→ WORK REQUIRED: Only the lines below from the one containing "text \<open>Consider the" to the one containing "Setting \<open>\<Delta>\<^sub>j\<close> to \<open>0\<close>" should be repeated, both included and unchanged.

→ DATA SECTION:
● ● ●
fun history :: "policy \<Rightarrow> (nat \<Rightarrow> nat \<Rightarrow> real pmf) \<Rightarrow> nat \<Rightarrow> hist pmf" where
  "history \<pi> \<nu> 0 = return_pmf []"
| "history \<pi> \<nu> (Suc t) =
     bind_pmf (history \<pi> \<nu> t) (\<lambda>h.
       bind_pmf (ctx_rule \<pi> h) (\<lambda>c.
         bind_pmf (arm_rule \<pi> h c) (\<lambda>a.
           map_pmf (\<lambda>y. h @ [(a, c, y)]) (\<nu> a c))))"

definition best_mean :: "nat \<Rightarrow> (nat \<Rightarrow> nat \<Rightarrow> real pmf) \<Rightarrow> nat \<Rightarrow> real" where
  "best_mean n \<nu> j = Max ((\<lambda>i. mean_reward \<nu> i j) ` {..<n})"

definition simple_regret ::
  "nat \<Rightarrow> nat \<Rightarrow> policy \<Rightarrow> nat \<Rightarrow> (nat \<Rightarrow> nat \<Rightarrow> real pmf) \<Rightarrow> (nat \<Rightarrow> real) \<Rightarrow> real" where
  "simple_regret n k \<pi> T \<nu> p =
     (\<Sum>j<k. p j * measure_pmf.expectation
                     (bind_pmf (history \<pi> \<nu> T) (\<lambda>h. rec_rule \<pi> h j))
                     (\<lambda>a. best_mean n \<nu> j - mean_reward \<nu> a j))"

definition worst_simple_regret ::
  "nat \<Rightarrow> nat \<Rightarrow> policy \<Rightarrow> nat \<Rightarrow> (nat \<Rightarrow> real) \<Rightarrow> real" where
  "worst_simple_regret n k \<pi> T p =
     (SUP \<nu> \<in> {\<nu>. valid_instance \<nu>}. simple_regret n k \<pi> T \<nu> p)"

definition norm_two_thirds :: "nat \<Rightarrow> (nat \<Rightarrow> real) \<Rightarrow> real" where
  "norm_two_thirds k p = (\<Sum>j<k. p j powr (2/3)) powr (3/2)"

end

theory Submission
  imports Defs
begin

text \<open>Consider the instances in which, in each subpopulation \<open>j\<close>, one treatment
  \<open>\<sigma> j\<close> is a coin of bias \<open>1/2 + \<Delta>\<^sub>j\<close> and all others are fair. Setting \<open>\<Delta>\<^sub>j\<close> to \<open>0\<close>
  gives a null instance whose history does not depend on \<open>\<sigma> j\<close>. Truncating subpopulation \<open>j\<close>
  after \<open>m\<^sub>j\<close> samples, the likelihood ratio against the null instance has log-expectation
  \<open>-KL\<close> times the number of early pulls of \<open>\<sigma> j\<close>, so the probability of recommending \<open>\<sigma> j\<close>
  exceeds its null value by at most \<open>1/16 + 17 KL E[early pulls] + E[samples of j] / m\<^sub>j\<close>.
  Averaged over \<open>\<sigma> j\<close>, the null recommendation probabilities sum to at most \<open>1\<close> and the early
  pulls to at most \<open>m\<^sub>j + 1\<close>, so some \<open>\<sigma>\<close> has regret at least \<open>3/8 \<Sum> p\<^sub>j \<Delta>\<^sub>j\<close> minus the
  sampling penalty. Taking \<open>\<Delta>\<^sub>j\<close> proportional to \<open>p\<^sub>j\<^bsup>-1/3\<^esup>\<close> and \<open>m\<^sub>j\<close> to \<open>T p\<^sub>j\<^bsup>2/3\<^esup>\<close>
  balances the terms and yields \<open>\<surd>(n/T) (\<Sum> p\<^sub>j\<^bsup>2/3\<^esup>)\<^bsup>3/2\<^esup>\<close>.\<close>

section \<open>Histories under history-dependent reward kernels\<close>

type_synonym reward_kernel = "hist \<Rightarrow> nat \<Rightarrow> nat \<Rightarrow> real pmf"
● ● ●
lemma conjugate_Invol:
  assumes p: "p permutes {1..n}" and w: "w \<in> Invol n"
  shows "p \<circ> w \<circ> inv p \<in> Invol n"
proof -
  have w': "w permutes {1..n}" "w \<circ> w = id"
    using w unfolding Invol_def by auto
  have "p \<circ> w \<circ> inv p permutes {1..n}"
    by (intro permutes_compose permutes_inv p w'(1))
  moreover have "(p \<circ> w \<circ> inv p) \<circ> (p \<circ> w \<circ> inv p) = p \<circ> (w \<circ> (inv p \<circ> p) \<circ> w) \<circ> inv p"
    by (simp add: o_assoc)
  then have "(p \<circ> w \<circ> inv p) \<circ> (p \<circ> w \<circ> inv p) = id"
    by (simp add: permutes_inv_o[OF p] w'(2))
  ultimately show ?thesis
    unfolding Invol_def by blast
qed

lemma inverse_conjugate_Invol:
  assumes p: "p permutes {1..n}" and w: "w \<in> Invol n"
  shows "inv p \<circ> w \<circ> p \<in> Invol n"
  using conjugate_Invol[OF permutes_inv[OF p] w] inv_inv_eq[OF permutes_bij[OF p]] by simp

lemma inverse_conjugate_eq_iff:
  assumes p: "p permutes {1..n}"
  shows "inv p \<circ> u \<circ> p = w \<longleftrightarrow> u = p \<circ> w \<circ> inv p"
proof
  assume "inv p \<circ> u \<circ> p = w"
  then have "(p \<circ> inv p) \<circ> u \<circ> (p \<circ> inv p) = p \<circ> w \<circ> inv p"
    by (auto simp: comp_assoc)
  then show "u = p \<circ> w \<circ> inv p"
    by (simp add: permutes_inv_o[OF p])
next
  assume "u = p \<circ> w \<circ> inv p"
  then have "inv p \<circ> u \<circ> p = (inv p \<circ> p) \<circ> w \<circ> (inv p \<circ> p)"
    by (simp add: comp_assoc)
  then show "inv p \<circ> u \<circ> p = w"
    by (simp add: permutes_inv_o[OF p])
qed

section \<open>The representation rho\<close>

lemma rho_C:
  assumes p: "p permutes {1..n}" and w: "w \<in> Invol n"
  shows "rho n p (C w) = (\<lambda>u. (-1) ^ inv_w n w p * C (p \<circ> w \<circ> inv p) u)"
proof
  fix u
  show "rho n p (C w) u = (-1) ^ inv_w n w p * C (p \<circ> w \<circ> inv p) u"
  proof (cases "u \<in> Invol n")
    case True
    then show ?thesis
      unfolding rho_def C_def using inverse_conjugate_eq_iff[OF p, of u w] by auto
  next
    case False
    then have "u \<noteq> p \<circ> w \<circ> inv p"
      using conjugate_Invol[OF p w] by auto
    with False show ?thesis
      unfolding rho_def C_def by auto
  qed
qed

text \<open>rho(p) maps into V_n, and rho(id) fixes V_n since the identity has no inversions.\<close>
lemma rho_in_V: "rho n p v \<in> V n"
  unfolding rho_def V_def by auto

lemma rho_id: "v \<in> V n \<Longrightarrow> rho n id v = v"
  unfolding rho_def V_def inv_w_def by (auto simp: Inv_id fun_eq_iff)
● ● ●
→ WRITTEN SOLUTION:
text \<open>Consider the instances in which, in each subpopulation \<open>j\<close>, one treatment
  \<open>\<sigma> j\<close> is a coin of bias \<open>1/2 + \<Delta>\<^sub>j\<close> and all others are fair. Setting \<open>\<Delta>\<^sub>j\<close> to \<open>0\<close>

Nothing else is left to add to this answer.